- [Problem]: Copy, exactly and without additions, every line in the records below from the one holding "in dsSum k d" through the one holding "mat) \<Rightarrow> 'a) \<Rightarrow> nat", both ends included.

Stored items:
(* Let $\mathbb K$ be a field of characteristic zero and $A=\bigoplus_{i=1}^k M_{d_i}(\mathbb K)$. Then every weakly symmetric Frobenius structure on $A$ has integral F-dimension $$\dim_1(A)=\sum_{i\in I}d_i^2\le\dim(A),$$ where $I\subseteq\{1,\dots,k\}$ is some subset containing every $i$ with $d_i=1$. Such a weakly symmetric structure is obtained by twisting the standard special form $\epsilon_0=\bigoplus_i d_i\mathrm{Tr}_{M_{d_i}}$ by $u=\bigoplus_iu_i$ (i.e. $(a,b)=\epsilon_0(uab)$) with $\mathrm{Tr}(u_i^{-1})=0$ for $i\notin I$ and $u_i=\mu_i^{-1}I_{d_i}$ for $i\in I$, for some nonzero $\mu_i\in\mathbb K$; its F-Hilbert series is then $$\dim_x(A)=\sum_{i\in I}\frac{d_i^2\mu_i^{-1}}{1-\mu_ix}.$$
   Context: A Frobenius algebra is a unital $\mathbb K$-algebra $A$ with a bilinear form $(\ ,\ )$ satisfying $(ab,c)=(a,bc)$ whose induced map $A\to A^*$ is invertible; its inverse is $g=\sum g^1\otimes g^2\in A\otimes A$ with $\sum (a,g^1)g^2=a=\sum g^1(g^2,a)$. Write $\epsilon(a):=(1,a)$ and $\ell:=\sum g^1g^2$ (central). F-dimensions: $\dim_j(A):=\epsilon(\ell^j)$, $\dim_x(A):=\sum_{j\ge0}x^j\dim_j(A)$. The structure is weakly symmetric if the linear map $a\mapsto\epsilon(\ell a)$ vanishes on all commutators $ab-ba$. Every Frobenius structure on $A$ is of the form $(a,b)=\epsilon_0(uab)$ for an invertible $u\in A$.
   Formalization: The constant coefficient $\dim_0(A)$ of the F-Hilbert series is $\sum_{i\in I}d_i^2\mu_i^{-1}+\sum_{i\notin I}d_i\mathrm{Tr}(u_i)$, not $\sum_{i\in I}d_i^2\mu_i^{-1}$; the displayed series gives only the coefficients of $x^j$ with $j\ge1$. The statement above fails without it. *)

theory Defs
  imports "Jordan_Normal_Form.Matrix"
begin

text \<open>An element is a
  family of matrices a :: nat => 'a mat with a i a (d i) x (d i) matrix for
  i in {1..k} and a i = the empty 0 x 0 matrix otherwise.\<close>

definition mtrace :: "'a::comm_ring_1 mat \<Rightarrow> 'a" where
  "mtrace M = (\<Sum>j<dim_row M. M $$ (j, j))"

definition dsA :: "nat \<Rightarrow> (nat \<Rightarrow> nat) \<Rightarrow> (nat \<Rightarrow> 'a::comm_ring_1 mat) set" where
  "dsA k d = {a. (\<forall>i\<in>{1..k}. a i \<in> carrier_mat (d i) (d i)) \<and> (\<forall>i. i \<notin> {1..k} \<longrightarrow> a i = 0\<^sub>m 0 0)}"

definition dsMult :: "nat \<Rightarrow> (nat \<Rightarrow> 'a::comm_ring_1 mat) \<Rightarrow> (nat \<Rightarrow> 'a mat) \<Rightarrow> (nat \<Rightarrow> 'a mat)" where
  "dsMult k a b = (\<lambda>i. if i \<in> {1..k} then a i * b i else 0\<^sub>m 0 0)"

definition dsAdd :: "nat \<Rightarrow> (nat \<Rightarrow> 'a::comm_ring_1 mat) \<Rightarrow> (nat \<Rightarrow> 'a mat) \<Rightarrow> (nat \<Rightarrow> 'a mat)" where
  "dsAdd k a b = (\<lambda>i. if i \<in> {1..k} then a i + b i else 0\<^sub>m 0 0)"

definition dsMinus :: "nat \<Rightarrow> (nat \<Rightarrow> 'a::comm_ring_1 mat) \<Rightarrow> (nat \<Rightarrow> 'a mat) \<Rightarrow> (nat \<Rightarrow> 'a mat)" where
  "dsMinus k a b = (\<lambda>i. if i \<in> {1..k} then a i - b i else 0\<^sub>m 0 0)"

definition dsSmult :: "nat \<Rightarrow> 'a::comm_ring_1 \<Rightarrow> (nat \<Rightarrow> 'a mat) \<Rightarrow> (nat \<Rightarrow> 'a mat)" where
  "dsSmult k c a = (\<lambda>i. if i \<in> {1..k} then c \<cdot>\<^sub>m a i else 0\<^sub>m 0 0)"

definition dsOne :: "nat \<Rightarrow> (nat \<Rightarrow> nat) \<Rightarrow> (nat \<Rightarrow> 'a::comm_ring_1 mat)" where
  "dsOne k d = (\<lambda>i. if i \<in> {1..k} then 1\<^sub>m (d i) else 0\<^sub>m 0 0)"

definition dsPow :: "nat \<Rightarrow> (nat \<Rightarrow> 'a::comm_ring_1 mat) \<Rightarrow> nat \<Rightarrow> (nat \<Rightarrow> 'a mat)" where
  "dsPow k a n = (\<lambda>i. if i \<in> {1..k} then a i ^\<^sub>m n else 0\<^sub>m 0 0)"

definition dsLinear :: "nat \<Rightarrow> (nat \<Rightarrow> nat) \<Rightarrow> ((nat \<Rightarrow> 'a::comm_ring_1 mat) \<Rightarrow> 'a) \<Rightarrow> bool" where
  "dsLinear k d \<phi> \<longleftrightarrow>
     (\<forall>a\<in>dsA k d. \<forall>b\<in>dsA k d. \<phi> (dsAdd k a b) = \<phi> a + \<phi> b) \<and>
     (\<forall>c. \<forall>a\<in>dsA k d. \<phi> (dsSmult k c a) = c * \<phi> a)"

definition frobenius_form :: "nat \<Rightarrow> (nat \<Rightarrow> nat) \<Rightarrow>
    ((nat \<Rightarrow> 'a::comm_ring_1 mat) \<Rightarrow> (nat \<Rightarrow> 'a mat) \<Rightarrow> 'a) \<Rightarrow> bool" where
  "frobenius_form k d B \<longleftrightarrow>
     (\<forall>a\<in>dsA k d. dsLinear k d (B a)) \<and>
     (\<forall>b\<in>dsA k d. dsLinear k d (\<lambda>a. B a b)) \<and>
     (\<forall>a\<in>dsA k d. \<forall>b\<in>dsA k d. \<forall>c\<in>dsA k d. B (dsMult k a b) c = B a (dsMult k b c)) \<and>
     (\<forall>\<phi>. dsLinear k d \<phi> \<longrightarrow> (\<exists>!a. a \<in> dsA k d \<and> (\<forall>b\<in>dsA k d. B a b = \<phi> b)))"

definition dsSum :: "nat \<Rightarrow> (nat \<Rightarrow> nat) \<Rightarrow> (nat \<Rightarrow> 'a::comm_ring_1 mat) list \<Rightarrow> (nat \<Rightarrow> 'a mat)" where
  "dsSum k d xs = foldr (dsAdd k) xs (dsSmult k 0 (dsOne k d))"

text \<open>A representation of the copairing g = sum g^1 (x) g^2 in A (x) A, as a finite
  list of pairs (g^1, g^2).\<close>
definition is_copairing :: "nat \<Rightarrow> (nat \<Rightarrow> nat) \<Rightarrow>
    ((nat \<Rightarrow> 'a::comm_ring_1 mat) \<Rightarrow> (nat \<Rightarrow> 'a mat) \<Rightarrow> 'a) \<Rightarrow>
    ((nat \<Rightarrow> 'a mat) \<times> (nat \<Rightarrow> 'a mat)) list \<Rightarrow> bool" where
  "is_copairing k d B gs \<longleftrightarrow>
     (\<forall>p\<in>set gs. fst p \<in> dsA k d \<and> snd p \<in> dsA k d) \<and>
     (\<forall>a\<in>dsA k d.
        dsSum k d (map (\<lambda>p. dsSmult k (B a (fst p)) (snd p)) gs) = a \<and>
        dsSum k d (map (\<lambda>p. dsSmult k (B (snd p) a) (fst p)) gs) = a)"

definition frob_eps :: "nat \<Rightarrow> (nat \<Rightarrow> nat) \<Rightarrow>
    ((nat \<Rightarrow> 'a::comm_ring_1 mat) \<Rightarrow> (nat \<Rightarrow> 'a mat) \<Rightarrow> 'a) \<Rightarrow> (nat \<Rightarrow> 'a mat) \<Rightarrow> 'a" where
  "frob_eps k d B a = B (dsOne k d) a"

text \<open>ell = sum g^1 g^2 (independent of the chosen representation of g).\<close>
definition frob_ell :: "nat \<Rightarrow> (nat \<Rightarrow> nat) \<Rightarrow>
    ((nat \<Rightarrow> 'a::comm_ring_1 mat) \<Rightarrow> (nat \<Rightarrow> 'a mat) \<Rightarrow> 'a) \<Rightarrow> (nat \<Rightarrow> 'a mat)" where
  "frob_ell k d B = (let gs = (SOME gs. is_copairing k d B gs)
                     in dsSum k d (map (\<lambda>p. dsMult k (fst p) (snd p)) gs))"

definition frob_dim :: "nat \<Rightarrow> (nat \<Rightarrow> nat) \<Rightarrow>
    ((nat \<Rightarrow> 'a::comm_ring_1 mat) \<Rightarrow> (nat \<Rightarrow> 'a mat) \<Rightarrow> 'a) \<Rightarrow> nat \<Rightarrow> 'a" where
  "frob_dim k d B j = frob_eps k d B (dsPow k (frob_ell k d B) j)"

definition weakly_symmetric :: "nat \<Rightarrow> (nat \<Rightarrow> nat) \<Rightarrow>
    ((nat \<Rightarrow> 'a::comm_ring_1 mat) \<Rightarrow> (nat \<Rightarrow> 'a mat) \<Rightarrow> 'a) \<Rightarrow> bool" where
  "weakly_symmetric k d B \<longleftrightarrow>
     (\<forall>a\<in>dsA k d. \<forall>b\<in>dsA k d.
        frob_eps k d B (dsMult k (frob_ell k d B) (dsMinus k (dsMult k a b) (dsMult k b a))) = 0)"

--

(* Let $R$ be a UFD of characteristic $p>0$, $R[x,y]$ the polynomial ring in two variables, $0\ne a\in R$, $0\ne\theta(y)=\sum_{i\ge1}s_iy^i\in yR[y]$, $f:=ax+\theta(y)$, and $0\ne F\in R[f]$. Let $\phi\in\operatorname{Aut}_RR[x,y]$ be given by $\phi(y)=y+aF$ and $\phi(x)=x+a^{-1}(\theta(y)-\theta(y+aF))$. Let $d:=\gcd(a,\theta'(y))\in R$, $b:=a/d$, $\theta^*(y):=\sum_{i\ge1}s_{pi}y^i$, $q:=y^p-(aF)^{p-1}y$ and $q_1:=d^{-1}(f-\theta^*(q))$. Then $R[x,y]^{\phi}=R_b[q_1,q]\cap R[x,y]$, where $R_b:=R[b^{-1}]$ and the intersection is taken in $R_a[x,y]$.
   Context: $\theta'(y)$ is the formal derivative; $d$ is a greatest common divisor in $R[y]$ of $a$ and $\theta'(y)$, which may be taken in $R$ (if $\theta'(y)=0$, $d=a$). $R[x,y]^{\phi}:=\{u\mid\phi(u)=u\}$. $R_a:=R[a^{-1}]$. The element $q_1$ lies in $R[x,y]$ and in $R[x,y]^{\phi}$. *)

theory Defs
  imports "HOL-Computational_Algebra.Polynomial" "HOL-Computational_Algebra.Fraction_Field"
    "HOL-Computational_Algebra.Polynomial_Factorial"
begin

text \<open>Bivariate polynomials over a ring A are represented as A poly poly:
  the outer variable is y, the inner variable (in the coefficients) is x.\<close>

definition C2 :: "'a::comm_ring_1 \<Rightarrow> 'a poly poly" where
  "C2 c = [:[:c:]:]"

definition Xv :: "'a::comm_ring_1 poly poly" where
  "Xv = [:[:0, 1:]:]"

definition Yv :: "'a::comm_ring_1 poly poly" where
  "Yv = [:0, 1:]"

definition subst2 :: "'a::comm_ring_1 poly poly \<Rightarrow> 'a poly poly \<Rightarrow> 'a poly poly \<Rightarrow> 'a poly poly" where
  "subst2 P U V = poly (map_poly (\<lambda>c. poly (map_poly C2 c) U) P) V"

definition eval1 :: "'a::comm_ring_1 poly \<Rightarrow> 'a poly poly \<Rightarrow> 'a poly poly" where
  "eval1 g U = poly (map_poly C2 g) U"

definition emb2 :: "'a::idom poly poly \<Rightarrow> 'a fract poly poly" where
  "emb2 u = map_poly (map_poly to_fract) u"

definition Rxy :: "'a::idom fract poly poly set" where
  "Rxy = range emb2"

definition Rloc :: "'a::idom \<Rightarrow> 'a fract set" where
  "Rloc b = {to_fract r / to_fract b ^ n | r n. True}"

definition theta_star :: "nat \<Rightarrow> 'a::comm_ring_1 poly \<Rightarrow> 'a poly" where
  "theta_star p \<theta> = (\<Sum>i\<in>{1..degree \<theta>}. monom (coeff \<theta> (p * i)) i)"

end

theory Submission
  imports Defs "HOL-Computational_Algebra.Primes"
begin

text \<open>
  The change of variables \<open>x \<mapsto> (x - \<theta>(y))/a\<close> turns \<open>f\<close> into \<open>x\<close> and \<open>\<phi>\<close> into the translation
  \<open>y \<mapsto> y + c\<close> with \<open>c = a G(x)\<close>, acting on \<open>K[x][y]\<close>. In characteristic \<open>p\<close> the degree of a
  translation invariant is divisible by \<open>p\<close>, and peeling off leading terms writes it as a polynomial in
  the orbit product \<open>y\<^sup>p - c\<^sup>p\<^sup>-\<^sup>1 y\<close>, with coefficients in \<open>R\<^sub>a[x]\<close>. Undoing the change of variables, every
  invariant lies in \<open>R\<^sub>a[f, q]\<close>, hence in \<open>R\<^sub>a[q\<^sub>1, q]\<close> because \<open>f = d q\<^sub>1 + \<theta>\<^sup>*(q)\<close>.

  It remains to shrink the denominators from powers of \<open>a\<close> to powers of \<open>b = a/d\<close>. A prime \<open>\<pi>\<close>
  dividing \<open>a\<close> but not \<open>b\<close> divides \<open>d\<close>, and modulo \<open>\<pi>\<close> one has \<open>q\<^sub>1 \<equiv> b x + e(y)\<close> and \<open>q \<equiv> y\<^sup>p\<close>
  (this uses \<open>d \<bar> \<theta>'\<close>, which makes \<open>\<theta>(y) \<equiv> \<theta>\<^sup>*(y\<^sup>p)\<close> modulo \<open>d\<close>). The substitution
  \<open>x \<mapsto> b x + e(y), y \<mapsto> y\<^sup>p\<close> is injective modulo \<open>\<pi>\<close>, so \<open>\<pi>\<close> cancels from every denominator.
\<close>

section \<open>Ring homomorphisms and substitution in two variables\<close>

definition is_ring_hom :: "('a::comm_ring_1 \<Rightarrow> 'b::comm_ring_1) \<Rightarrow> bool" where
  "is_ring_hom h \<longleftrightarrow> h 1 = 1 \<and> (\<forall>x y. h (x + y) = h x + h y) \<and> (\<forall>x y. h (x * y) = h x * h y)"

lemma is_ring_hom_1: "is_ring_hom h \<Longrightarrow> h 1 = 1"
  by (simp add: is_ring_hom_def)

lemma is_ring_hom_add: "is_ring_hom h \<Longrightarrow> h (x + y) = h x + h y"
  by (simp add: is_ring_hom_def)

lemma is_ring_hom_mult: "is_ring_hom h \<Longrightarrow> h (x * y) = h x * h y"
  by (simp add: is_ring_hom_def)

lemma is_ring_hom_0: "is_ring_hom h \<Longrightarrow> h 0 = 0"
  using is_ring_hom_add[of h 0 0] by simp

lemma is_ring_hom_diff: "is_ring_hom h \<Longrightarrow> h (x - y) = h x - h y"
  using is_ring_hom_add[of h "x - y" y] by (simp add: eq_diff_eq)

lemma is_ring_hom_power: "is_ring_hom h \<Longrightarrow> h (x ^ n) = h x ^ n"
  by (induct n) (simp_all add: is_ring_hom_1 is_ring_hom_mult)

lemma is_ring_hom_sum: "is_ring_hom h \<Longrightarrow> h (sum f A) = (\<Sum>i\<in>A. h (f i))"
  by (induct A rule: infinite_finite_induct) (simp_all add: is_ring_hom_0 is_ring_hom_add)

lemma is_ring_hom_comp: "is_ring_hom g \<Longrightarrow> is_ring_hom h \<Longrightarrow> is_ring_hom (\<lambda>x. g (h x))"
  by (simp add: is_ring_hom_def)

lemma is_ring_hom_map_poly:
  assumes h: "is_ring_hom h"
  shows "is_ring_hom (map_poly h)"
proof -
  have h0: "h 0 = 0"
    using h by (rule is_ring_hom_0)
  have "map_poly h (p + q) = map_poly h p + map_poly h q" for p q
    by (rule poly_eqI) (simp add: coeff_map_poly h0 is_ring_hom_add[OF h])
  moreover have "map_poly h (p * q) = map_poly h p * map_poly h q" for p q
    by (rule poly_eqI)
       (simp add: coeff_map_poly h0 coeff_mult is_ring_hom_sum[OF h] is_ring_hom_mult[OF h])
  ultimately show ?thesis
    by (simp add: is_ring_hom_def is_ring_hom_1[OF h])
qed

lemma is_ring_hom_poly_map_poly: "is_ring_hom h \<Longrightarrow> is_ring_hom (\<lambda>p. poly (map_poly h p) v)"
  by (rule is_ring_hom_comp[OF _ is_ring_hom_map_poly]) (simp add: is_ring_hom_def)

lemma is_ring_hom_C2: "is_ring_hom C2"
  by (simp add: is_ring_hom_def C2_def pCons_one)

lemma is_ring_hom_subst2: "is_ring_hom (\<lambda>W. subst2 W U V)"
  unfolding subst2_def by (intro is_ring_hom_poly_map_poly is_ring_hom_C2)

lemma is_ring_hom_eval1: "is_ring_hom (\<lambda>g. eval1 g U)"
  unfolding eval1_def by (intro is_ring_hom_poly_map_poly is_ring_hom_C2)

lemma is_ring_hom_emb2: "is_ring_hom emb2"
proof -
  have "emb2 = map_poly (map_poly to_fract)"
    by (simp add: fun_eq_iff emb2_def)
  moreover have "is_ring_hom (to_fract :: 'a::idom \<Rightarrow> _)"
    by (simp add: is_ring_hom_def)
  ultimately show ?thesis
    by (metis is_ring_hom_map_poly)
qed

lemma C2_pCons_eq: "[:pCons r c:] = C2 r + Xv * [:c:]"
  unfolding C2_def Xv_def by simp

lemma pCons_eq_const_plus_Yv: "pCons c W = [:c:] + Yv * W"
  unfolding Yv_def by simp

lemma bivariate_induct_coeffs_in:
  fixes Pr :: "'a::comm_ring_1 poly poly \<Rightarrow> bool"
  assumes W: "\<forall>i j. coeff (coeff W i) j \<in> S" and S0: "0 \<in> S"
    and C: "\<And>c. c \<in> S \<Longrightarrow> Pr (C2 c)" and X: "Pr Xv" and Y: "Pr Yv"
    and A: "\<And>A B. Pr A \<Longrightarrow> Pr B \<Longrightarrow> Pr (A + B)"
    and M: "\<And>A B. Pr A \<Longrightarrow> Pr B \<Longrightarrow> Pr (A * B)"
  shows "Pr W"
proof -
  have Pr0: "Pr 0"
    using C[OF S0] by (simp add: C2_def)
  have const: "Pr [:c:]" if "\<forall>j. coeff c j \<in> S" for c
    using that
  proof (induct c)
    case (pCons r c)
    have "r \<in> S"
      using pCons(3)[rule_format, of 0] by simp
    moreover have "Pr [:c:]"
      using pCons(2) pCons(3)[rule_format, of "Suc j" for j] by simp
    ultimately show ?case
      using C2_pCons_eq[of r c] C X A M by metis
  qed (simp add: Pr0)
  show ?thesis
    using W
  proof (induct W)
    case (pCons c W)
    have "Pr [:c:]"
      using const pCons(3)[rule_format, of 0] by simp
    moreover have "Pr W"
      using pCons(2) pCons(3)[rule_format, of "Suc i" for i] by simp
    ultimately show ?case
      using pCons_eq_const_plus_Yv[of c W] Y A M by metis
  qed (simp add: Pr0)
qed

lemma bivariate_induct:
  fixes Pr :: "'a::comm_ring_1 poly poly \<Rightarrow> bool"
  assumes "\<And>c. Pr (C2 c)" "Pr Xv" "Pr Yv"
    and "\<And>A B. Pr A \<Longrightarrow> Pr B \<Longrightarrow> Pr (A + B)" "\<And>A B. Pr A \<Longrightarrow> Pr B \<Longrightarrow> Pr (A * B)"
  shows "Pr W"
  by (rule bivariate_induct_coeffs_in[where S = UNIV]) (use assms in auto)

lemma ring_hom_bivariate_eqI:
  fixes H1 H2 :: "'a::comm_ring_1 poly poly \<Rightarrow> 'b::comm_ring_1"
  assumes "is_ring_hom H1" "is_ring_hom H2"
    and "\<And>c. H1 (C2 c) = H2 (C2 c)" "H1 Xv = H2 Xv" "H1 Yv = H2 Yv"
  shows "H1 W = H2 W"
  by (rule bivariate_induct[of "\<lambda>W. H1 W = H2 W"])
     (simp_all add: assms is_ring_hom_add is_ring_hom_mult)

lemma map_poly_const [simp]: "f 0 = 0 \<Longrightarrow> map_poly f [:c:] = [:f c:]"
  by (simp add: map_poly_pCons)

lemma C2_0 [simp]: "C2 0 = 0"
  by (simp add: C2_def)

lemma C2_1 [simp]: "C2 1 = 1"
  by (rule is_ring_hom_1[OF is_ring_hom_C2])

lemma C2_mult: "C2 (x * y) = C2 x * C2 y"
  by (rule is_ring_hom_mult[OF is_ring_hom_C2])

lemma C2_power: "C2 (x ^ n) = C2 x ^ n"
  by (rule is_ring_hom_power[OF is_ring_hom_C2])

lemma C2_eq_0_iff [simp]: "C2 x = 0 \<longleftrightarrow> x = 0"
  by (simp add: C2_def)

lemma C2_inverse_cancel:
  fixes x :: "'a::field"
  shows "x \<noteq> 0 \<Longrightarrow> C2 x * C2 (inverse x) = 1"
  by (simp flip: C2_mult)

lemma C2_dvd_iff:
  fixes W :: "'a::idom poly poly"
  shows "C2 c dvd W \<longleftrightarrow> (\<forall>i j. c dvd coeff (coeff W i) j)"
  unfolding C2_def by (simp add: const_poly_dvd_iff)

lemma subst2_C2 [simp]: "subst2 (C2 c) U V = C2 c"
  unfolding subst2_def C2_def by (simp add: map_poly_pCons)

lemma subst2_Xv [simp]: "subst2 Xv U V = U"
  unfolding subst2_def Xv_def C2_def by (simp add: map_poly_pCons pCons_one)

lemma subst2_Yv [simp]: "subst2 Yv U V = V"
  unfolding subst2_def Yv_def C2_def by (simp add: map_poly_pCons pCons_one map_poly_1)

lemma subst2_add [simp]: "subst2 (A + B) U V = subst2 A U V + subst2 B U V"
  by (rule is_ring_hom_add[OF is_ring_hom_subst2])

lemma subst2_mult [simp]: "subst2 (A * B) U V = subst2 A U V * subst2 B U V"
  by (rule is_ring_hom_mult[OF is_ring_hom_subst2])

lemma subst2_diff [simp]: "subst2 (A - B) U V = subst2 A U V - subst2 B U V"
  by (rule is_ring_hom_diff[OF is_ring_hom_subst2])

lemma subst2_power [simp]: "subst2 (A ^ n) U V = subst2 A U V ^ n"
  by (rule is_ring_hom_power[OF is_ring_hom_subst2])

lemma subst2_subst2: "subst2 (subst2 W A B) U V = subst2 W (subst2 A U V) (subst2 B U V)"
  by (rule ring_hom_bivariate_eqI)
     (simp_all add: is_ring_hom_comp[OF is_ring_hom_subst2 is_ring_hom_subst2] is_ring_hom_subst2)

- [Result for this task]:
                     in dsSum k d (map (\<lambda>p. dsMult k (fst p) (snd p)) gs))"

definition frob_dim :: "nat \<Rightarrow> (nat \<Rightarrow> nat) \<Rightarrow>
    ((nat \<Rightarrow> 'a::comm_ring_1 mat) \<Rightarrow> (nat \<Rightarrow> 'a mat) \<Rightarrow> 'a) \<Rightarrow> nat \<Rightarrow> 'a" where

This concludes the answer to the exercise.